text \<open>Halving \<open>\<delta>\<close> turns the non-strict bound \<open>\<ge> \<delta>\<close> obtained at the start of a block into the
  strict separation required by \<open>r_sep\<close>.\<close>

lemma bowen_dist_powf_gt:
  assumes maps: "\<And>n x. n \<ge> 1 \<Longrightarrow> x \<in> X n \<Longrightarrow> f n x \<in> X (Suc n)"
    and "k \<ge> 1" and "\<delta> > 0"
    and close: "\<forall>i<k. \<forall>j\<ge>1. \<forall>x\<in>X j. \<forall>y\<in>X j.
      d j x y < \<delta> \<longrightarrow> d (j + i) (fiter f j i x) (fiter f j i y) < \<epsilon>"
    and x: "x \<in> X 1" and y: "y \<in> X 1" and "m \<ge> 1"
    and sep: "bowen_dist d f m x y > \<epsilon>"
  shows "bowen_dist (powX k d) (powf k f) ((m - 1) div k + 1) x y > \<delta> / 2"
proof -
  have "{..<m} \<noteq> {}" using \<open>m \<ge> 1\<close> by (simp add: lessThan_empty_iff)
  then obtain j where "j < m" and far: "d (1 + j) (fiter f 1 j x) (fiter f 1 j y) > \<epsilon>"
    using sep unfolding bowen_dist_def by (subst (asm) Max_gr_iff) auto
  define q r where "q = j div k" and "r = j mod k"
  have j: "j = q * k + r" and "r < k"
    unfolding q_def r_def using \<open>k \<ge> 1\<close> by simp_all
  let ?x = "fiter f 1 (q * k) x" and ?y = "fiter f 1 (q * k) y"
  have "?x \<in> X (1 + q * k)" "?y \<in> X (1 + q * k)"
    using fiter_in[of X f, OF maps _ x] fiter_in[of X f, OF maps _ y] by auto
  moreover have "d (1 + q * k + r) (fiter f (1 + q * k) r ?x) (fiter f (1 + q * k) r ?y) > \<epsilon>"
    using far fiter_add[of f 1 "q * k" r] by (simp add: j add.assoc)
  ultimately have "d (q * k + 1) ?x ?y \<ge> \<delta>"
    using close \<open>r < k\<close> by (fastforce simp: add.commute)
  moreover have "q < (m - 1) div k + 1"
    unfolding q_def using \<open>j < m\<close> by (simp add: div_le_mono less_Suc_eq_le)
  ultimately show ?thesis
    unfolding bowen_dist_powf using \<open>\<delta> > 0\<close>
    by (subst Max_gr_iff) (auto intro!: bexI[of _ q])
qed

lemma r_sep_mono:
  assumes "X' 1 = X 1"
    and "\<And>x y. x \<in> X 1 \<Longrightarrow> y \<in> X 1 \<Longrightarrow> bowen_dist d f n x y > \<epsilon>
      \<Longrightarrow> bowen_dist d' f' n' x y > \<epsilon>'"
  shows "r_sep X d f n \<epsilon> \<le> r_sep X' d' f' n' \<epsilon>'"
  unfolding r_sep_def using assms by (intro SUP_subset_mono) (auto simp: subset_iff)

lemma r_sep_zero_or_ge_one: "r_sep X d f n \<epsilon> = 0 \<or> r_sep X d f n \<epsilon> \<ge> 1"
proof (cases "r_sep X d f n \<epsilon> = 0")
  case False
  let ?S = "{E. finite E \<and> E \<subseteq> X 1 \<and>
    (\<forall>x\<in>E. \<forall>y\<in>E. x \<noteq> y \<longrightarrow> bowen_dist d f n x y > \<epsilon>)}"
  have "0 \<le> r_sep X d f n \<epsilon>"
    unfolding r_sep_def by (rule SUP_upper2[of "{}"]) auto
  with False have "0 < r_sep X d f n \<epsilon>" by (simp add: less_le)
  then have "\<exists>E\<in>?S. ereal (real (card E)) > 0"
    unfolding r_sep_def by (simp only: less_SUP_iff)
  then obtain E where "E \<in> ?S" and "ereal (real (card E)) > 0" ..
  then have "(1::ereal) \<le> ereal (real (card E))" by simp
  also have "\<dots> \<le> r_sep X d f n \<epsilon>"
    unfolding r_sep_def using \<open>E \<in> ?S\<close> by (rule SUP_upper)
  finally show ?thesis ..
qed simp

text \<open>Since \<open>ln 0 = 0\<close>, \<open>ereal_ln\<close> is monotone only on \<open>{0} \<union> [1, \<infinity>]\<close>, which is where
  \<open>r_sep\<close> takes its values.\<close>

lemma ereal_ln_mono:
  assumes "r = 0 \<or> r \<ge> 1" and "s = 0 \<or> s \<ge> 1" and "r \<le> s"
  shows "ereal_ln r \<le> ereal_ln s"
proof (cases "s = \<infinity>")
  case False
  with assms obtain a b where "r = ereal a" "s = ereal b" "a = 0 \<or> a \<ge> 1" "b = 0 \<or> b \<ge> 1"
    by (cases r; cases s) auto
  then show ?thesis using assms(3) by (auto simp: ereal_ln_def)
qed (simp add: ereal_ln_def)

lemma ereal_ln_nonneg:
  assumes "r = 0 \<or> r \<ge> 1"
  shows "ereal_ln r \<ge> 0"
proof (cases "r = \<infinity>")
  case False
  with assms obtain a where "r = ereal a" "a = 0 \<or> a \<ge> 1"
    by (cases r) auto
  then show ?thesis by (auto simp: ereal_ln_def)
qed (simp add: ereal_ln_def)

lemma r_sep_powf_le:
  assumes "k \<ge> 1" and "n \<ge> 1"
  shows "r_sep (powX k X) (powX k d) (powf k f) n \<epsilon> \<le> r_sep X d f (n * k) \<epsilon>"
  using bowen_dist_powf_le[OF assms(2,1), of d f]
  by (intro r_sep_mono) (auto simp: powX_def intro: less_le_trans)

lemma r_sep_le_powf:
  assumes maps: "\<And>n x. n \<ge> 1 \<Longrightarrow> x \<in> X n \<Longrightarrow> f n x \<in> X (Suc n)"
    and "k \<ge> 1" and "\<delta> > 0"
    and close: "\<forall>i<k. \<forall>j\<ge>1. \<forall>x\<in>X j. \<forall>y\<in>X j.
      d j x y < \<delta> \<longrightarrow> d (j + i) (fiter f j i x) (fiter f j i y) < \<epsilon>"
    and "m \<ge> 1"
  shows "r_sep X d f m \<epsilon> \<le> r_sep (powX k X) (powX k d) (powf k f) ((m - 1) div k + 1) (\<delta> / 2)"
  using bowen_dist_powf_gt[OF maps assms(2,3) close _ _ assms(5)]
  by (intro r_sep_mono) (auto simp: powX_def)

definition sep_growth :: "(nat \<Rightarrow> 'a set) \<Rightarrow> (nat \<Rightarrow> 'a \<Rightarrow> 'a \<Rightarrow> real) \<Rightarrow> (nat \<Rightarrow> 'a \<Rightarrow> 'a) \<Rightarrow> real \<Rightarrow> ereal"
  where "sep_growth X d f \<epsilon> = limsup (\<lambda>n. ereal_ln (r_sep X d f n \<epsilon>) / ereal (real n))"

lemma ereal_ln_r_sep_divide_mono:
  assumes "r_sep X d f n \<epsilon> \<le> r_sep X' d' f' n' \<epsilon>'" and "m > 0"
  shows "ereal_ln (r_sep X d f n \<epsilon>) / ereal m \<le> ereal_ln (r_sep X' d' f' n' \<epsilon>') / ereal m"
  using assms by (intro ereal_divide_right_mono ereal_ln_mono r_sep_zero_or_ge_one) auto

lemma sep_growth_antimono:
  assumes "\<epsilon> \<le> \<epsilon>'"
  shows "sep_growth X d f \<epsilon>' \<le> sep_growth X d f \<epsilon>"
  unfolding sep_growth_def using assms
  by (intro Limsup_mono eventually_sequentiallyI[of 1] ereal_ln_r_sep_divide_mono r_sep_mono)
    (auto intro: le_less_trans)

***

● **DESCRIPTION OF THE TASK**
Word for word, write out the entries above again.

● **SOLUTION FOR THIS PROBLEM**
text \<open>Halving \<open>\<delta>\<close> turns the non-strict bound \<open>\<ge> \<delta>\<close> obtained at the start of a block into the
  strict separation required by \<open>r_sep\<close>.\<close>

lemma bowen_dist_powf_gt:
  assumes maps: "\<And>n x. n \<ge> 1 \<Longrightarrow> x \<in> X n \<Longrightarrow> f n x \<in> X (Suc n)"
    and "k \<ge> 1" and "\<delta> > 0"
    and close: "\<forall>i<k. \<forall>j\<ge>1. \<forall>x\<in>X j. \<forall>y\<in>X j.
      d j x y < \<delta> \<longrightarrow> d (j + i) (fiter f j i x) (fiter f j i y) < \<epsilon>"
    and x: "x \<in> X 1" and y: "y \<in> X 1" and "m \<ge> 1"
    and sep: "bowen_dist d f m x y > \<epsilon>"
  shows "bowen_dist (powX k d) (powf k f) ((m - 1) div k + 1) x y > \<delta> / 2"
proof -
  have "{..<m} \<noteq> {}" using \<open>m \<ge> 1\<close> by (simp add: lessThan_empty_iff)
  then obtain j where "j < m" and far: "d (1 + j) (fiter f 1 j x) (fiter f 1 j y) > \<epsilon>"
    using sep unfolding bowen_dist_def by (subst (asm) Max_gr_iff) auto
  define q r where "q = j div k" and "r = j mod k"
  have j: "j = q * k + r" and "r < k"
    unfolding q_def r_def using \<open>k \<ge> 1\<close> by simp_all
  let ?x = "fiter f 1 (q * k) x" and ?y = "fiter f 1 (q * k) y"
  have "?x \<in> X (1 + q * k)" "?y \<in> X (1 + q * k)"
    using fiter_in[of X f, OF maps _ x] fiter_in[of X f, OF maps _ y] by auto
  moreover have "d (1 + q * k + r) (fiter f (1 + q * k) r ?x) (fiter f (1 + q * k) r ?y) > \<epsilon>"
    using far fiter_add[of f 1 "q * k" r] by (simp add: j add.assoc)
  ultimately have "d (q * k + 1) ?x ?y \<ge> \<delta>"
    using close \<open>r < k\<close> by (fastforce simp: add.commute)
  moreover have "q < (m - 1) div k + 1"
    unfolding q_def using \<open>j < m\<close> by (simp add: div_le_mono less_Suc_eq_le)
  ultimately show ?thesis
    unfolding bowen_dist_powf using \<open>\<delta> > 0\<close>
    by (subst Max_gr_iff) (auto intro!: bexI[of _ q])
qed

lemma r_sep_mono:
  assumes "X' 1 = X 1"
    and "\<And>x y. x \<in> X 1 \<Longrightarrow> y \<in> X 1 \<Longrightarrow> bowen_dist d f n x y > \<epsilon>
      \<Longrightarrow> bowen_dist d' f' n' x y > \<epsilon>'"
  shows "r_sep X d f n \<epsilon> \<le> r_sep X' d' f' n' \<epsilon>'"
  unfolding r_sep_def using assms by (intro SUP_subset_mono) (auto simp: subset_iff)

lemma r_sep_zero_or_ge_one: "r_sep X d f n \<epsilon> = 0 \<or> r_sep X d f n \<epsilon> \<ge> 1"
proof (cases "r_sep X d f n \<epsilon> = 0")
  case False
  let ?S = "{E. finite E \<and> E \<subseteq> X 1 \<and>
    (\<forall>x\<in>E. \<forall>y\<in>E. x \<noteq> y \<longrightarrow> bowen_dist d f n x y > \<epsilon>)}"
  have "0 \<le> r_sep X d f n \<epsilon>"
    unfolding r_sep_def by (rule SUP_upper2[of "{}"]) auto
  with False have "0 < r_sep X d f n \<epsilon>" by (simp add: less_le)
  then have "\<exists>E\<in>?S. ereal (real (card E)) > 0"
    unfolding r_sep_def by (simp only: less_SUP_iff)
  then obtain E where "E \<in> ?S" and "ereal (real (card E)) > 0" ..
  then have "(1::ereal) \<le> ereal (real (card E))" by simp
  also have "\<dots> \<le> r_sep X d f n \<epsilon>"
    unfolding r_sep_def using \<open>E \<in> ?S\<close> by (rule SUP_upper)
  finally show ?thesis ..
qed simp

text \<open>Since \<open>ln 0 = 0\<close>, \<open>ereal_ln\<close> is monotone only on \<open>{0} \<union> [1, \<infinity>]\<close>, which is where
  \<open>r_sep\<close> takes its values.\<close>

lemma ereal_ln_mono:
  assumes "r = 0 \<or> r \<ge> 1" and "s = 0 \<or> s \<ge> 1" and "r \<le> s"
  shows "ereal_ln r \<le> ereal_ln s"
proof (cases "s = \<infinity>")
  case False
  with assms obtain a b where "r = ereal a" "s = ereal b" "a = 0 \<or> a \<ge> 1" "b = 0 \<or> b \<ge> 1"
    by (cases r; cases s) auto
  then show ?thesis using assms(3) by (auto simp: ereal_ln_def)
qed (simp add: ereal_ln_def)

lemma ereal_ln_nonneg:
  assumes "r = 0 \<or> r \<ge> 1"
  shows "ereal_ln r \<ge> 0"
proof (cases "r = \<infinity>")
  case False
  with assms obtain a where "r = ereal a" "a = 0 \<or> a \<ge> 1"
    by (cases r) auto
  then show ?thesis by (auto simp: ereal_ln_def)
qed (simp add: ereal_ln_def)

lemma r_sep_powf_le:
  assumes "k \<ge> 1" and "n \<ge> 1"
  shows "r_sep (powX k X) (powX k d) (powf k f) n \<epsilon> \<le> r_sep X d f (n * k) \<epsilon>"
  using bowen_dist_powf_le[OF assms(2,1), of d f]
  by (intro r_sep_mono) (auto simp: powX_def intro: less_le_trans)

lemma r_sep_le_powf:
  assumes maps: "\<And>n x. n \<ge> 1 \<Longrightarrow> x \<in> X n \<Longrightarrow> f n x \<in> X (Suc n)"
    and "k \<ge> 1" and "\<delta> > 0"
    and close: "\<forall>i<k. \<forall>j\<ge>1. \<forall>x\<in>X j. \<forall>y\<in>X j.
      d j x y < \<delta> \<longrightarrow> d (j + i) (fiter f j i x) (fiter f j i y) < \<epsilon>"
    and "m \<ge> 1"
  shows "r_sep X d f m \<epsilon> \<le> r_sep (powX k X) (powX k d) (powf k f) ((m - 1) div k + 1) (\<delta> / 2)"
  using bowen_dist_powf_gt[OF maps assms(2,3) close _ _ assms(5)]
  by (intro r_sep_mono) (auto simp: powX_def)

definition sep_growth :: "(nat \<Rightarrow> 'a set) \<Rightarrow> (nat \<Rightarrow> 'a \<Rightarrow> 'a \<Rightarrow> real) \<Rightarrow> (nat \<Rightarrow> 'a \<Rightarrow> 'a) \<Rightarrow> real \<Rightarrow> ereal"
  where "sep_growth X d f \<epsilon> = limsup (\<lambda>n. ereal_ln (r_sep X d f n \<epsilon>) / ereal (real n))"

lemma ereal_ln_r_sep_divide_mono:
  assumes "r_sep X d f n \<epsilon> \<le> r_sep X' d' f' n' \<epsilon>'" and "m > 0"
  shows "ereal_ln (r_sep X d f n \<epsilon>) / ereal m \<le> ereal_ln (r_sep X' d' f' n' \<epsilon>') / ereal m"
  using assms by (intro ereal_divide_right_mono ereal_ln_mono r_sep_zero_or_ge_one) auto

lemma sep_growth_antimono:
  assumes "\<epsilon> \<le> \<epsilon>'"
  shows "sep_growth X d f \<epsilon>' \<le> sep_growth X d f \<epsilon>"
  unfolding sep_growth_def using assms
  by (intro Limsup_mono eventually_sequentiallyI[of 1] ereal_ln_r_sep_divide_mono r_sep_mono)
    (auto intro: le_less_trans)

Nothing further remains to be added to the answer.